The Golden Gate singles chronology
|  | "Diane" (1970) | "Monday After Sunday" (1970) |

= Diane (Golden Gate song) =

"Diane" is a 1970 single for The Golden Gate. It was a hit for the group that year, registering on multiple charts.

==Background==
"Diane" was composed by Billy Carl, Reid Whitelaw and Richard Bell. It was backed with "Make Your Own Sweet Music". Both sides were produced by Whitelaw & Carl Productions. They were released on single, Audio Fidelity AF 161 in February 1970. The single is from the Year One album.

While attending the Midem festival, Cyril Gee the managing director for music publisher Belwin-Mills had picked up "Diane" for countries other than the United States and Canada. It was also reported in the 14 March issue of Cash Box that "Diane" was released in the UK on the RCA label.

==Reception==
Along with "Listen Here" by Jay Jackson & the Heads of Our Time, "Diane" was a Manufacturers' Chart Prediction in Billboard for the week of 7 February 1970.

The single was a Four Star Pick in the 14 February issue of Record World. Solid success was predicted for the single.

"Diane" was reviewed in the 14 February issue of Cash Box. It was positive with the reviewer writing that the sweet surface styling and the flashing tempo could give it Top 40 breakouts.

A Billboard Top 60 Spotlight for the week of 28 February, the reviewer said that it had all the makings of a big one and called it a solid beat rocker that was loaded with bubblegum appeal. The chart potential was also noted.

==Airplay==
It was reported in the 14 March issue of Record World that Diane was a Top Ten Smash at WTIX in New Orleans. It was also in the Top 20 at stations, WLOF, WAYS, WABB, WACL, WIRL and WORD. The following week, Record World reported that it was a regional hit in Charlotte, New Orleans. It was also reported by Billboard for the week of 28 February that the single was a regional breakout in New Orleans.

==Charts==
===Record World Singles Coming Up===
"Diane" made its debut at No. 44 in the Record World Singles Coming Up chart for the week of 21 February 1970.

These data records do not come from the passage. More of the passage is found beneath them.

(* Let $V$ be a finite-dimensional real vector space with a Lorentzian inner product $g$, and let $V=E_1\oplus\cdots\oplus E_r$ ($r\ge 1$) be a $g$-orthogonal direct sum of subspaces on each of which $g$ is non-degenerate, with $E_r$ Lorentzian. For $1\le\beta\le r$ let $g_\beta$ be the symmetric bilinear form $g_\beta(X,Y)=g(X_\beta,Y_\beta)$, where $X_\beta,Y_\beta$ are the $E_\beta$-components of $X,Y$. Let $p\in E_r$ be a non-zero light-like vector and $\theta=g(p,\cdot)$. Let $\bar g_1=g,\bar g_2,\dots,\bar g_{r+1}$ be linearly independent symmetric bilinear forms on $V$ of the form $$\bar g_\alpha=\sum_{\beta=1}^r C_{\beta\alpha}g_\beta+C_{r+1\,\alpha}\,\theta\otimes\theta,\qquad C_{\beta\alpha}\in\mathbb{R},$$ and assume $C_{r\alpha}=0$ for all $2\le\alpha\le r+1$. Let $2\le\alpha\le r+1$. If $C_{r+1\,\alpha}=0$, then $$\ker\bar g_\alpha=\bigoplus_{1\le\beta\le r,\ C_{\beta\alpha}=0}E_\beta\quad\text{and}\quad \ker\big(g|_{\ker\bar g_\alpha\times\ker\bar g_\alpha}\big)=0.$$ If $C_{r+1\,\alpha}\neq0$, then $$\ker\bar g_\alpha=\bigoplus_{1\le\beta\le r-1,\ C_{\beta\alpha}=0}E_\beta\ \oplus\ \{X\in E_r\mid\theta(X)=0\}\quad\text{and}\quad \ker\big(g|_{\ker\bar g_\alpha\times\ker\bar g_\alpha}\big)=\mathbb{R}p.$$
   Context: For a symmetric bilinear form $b$ on $V$, $\ker b=\{X\in V\mid b(X,Y)=0\ \forall Y\in V\}$. For a subspace $U$, $g|_{U\times U}$ denotes the restriction of $g$ to $U$ and $\ker(g|_{U\times U})=\{X\in U\mid g(X,Y)=0\ \forall Y\in U\}$. (In the paper, $V=T_xM$ for a Lorentzian manifold and the $E_\beta$ come from its Wu decomposition; the forms $\bar g_\alpha$ are a basis of parallel symmetric bilinear forms evaluated at $x$.) *)

theory Defs
  imports "HOL-Analysis.Analysis"
begin

definition sym_form :: "('v \<Rightarrow> 'v \<Rightarrow> real) \<Rightarrow> bool" where
  "sym_form b \<longleftrightarrow> (\<forall>x y. b x y = b y x)"

definition form_ker :: "('v \<Rightarrow> 'v \<Rightarrow> real) \<Rightarrow> 'v set" where
  "form_ker b = {X. \<forall>Y. b X Y = 0}"

definition restr_ker :: "('v \<Rightarrow> 'v \<Rightarrow> real) \<Rightarrow> 'v set \<Rightarrow> 'v set" where
  "restr_ker b U = {X \<in> U. \<forall>Y\<in>U. b X Y = 0}"

definition nondegenerate_on :: "'v::zero set \<Rightarrow> ('v \<Rightarrow> 'v \<Rightarrow> real) \<Rightarrow> bool" where
  "nondegenerate_on U b \<longleftrightarrow> restr_ker b U \<subseteq> {0}"

text \<open>Lorentzian: non-degenerate with index exactly 1 (signature (-,+,...,+)).\<close>
definition lorentzian_on :: "'v::euclidean_space set \<Rightarrow> ('v \<Rightarrow> 'v \<Rightarrow> real) \<Rightarrow> bool" where
  "lorentzian_on U b \<longleftrightarrow> subspace U \<and> nondegenerate_on U b \<and>
     (\<exists>x\<in>U. b x x < 0) \<and>
     (\<forall>W. subspace W \<and> W \<subseteq> U \<and> (\<forall>x\<in>W. x \<noteq> 0 \<longrightarrow> b x x < 0) \<longrightarrow> dim W \<le> 1)"

definition decomp_fun :: "(nat \<Rightarrow> 'v::real_vector set) \<Rightarrow> nat \<Rightarrow> 'v \<Rightarrow> (nat \<Rightarrow> 'v) \<Rightarrow> bool" where
  "decomp_fun E r X f \<longleftrightarrow> (\<forall>\<beta>\<in>{1..r}. f \<beta> \<in> E \<beta>) \<and> (\<forall>\<beta>. \<beta> \<notin> {1..r} \<longrightarrow> f \<beta> = 0)
      \<and> X = (\<Sum>\<beta>=1..r. f \<beta>)"

definition direct_sum :: "(nat \<Rightarrow> 'v::real_vector set) \<Rightarrow> nat \<Rightarrow> bool" where
  "direct_sum E r \<longleftrightarrow> (\<forall>\<beta>\<in>{1..r}. subspace (E \<beta>)) \<and> (\<forall>X. \<exists>!f. decomp_fun E r X f)"

definition component :: "(nat \<Rightarrow> 'v::real_vector set) \<Rightarrow> nat \<Rightarrow> nat \<Rightarrow> 'v \<Rightarrow> 'v" where
  "component E r \<beta> X = (THE f. decomp_fun E r X f) \<beta>"

definition g_part :: "('v::real_vector \<Rightarrow> 'v \<Rightarrow> real) \<Rightarrow> (nat \<Rightarrow> 'v set) \<Rightarrow> nat \<Rightarrow> nat \<Rightarrow> 'v \<Rightarrow> 'v \<Rightarrow> real" where
  "g_part g E r \<beta> X Y = g (component E r \<beta> X) (component E r \<beta> Y)"

definition gbar :: "('v::real_vector \<Rightarrow> 'v \<Rightarrow> real) \<Rightarrow> (nat \<Rightarrow> 'v set) \<Rightarrow> nat \<Rightarrow> 'v
     \<Rightarrow> (nat \<Rightarrow> nat \<Rightarrow> real) \<Rightarrow> nat \<Rightarrow> 'v \<Rightarrow> 'v \<Rightarrow> real" where
  "gbar g E r p C \<alpha> X Y = (\<Sum>\<beta>=1..r. C \<beta> \<alpha> * g_part g E r \<beta> X Y) + C (r+1) \<alpha> * (g p X * g p Y)"

definition forms_lin_indep :: "(nat \<Rightarrow> 'v \<Rightarrow> 'v \<Rightarrow> real) \<Rightarrow> nat \<Rightarrow> bool" where
  "forms_lin_indep B n \<longleftrightarrow>
     (\<forall>c. (\<forall>X Y. (\<Sum>\<alpha>=1..n. c \<alpha> * B \<alpha> X Y) = 0) \<longrightarrow> (\<forall>\<alpha>\<in>{1..n}. c \<alpha> = 0))"

end

theory Submission
  imports Defs
begin

(* Test gbar_alpha(X, -) against one summand E_beta at a time. For beta < r the form theta
   vanishes on E_beta, so only C_beta_alpha g(X_beta, -) survives; on E_r, where C_r_alpha = 0,
   only C_(r+1)_alpha theta(X) theta survives. Non-degeneracy of g on each summand then yields
   the kernel. The radical of g on the kernel meets every summand E_beta contained in it
   trivially, and inside E_r the radical of g on the hyperplane ker theta = p^perp is Rp,
   because p is null. *)

locale internal_direct_sum =
  fixes E :: "nat \<Rightarrow> 'v::real_vector set" and r :: nat
  assumes direct_sum: "direct_sum E r"
begin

===Record World 100 Top Pops===
"Diane" debuted at No. 100 in the Record World 100 Top Pops chart for the week of 7 March 1970. In its third week on 21 March, it peaked at No. 97. It maintained a chart presence for one more week.
===Billboard Bubbling Under the Hot 100===
"Diane" debuted at No. 105 in the Billboard Bubbling Under the Hot 100 chart for the week of 14 March. The following week it dropped down to No. 113.

===Cash Box Looking Ahead===
"Diane" debuted at No. 23 in the Cash Box Looking Ahead chart for the week of 21 February 1970. It peaked at No. 4 for the week of 14 March during its six-week run.